definition dsum :: "'k ring \<Rightarrow> 'i set \<Rightarrow> ('i \<Rightarrow> ('k, 'a) module) \<Rightarrow> ('k, 'i \<Rightarrow> 'a) module" where
  "dsum R I M = \<lparr>carrier = {F. (\<forall>i\<in>I. F i \<in> carrier (M i)) \<and> (\<forall>i. i \<notin> I \<longrightarrow> F i = undefined)
                          \<and> finite {i\<in>I. F i \<noteq> \<zero>\<^bsub>M i\<^esub>}},
     mult = (\<lambda>_ _. undefined), one = undefined,
     zero = (\<lambda>i. if i \<in> I then \<zero>\<^bsub>M i\<^esub> else undefined),
     add = (\<lambda>F H i. if i \<in> I then F i \<oplus>\<^bsub>M i\<^esub> H i else undefined),
     smult = (\<lambda>a F i. if i \<in> I then a \<odot>\<^bsub>M i\<^esub> F i else undefined)\<rparr>"

definition dsingle :: "'i set \<Rightarrow> ('i \<Rightarrow> ('k, 'a) module) \<Rightarrow> 'i \<Rightarrow> 'a \<Rightarrow> 'i \<Rightarrow> 'a" where
  "dsingle I M j w = (\<lambda>i. if i \<in> I then (if i = j then w else \<zero>\<^bsub>M i\<^esub>) else undefined)"

definition kspan :: "'k ring \<Rightarrow> ('k, 'a) module \<Rightarrow> 'a set \<Rightarrow> 'a set" where
  "kspan R M S = \<Inter>{N. submodule N R M \<and> S \<subseteq> N}"

definition qcls :: "('k, 'a) module \<Rightarrow> 'a set \<Rightarrow> 'a \<Rightarrow> 'a set" where
  "qcls M N x = {y \<in> carrier M. y \<ominus>\<^bsub>M\<^esub> x \<in> N}"

definition qrep :: "'a set \<Rightarrow> 'a" where
  "qrep A = (SOME x. x \<in> A)"

definition quotmod :: "('k, 'a) module \<Rightarrow> 'a set \<Rightarrow> ('k, 'a set) module" where
  "quotmod M N = \<lparr>carrier = qcls M N ` carrier M,
     mult = (\<lambda>_ _. undefined), one = undefined,
     zero = qcls M N \<zero>\<^bsub>M\<^esub>,
     add = (\<lambda>A B. qcls M N (qrep A \<oplus>\<^bsub>M\<^esub> qrep B)),
     smult = (\<lambda>a A. qcls M N (a \<odot>\<^bsub>M\<^esub> qrep A))\<rparr>"

record ('k, 'g, 'a) figmod =
  Obj :: "nat \<Rightarrow> ('k, 'a) module"
  Act :: "nat \<Rightarrow> nat \<Rightarrow> 'g fimor \<Rightarrow> 'a \<Rightarrow> 'a"

definition fig_module :: "'k ring \<Rightarrow> 'g monoid \<Rightarrow> ('k, 'g, 'a) figmod \<Rightarrow> bool" where
  "fig_module R G V \<longleftrightarrow>
     (\<forall>p. module R (Obj V p))
   \<and> (\<forall>p q. \<forall>\<phi>\<in>fimor G p q. linmap R (Obj V p) (Obj V q) (Act V p q \<phi>))
   \<and> (\<forall>p. \<forall>x\<in>carrier (Obj V p). Act V p p (fiid G p) x = x)
   \<and> (\<forall>n m p. \<forall>\<psi>\<in>fimor G n m. \<forall>\<phi>\<in>fimor G m p. \<forall>x\<in>carrier (Obj V n).
        Act V n p (ficomp G n \<phi> \<psi>) x = Act V m p \<phi> (Act V n m \<psi> x))"

definition fig_morph :: "'k ring \<Rightarrow> 'g monoid \<Rightarrow> ('k, 'g, 'a) figmod \<Rightarrow> ('k, 'g, 'b) figmod
                          \<Rightarrow> (nat \<Rightarrow> 'a \<Rightarrow> 'b) \<Rightarrow> bool" where
  "fig_morph R G V V' \<eta> \<longleftrightarrow>
     (\<forall>p. linmap R (Obj V p) (Obj V' p) (\<eta> p))
   \<and> (\<forall>p q. \<forall>\<phi>\<in>fimor G p q. \<forall>x\<in>carrier (Obj V p).
        \<eta> q (Act V p q \<phi> x) = Act V' p q \<phi> (\<eta> p x))"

• [About this task]: Reproduce exactly the lines that run from the start of the records to the line with "i = undefined)", both included.

• [Expected output]:
definition dsum :: "'k ring \<Rightarrow> 'i set \<Rightarrow> ('i \<Rightarrow> ('k, 'a) module) \<Rightarrow> ('k, 'i \<Rightarrow> 'a) module" where
  "dsum R I M = \<lparr>carrier = {F. (\<forall>i\<in>I. F i \<in> carrier (M i)) \<and> (\<forall>i. i \<notin> I \<longrightarrow> F i = undefined)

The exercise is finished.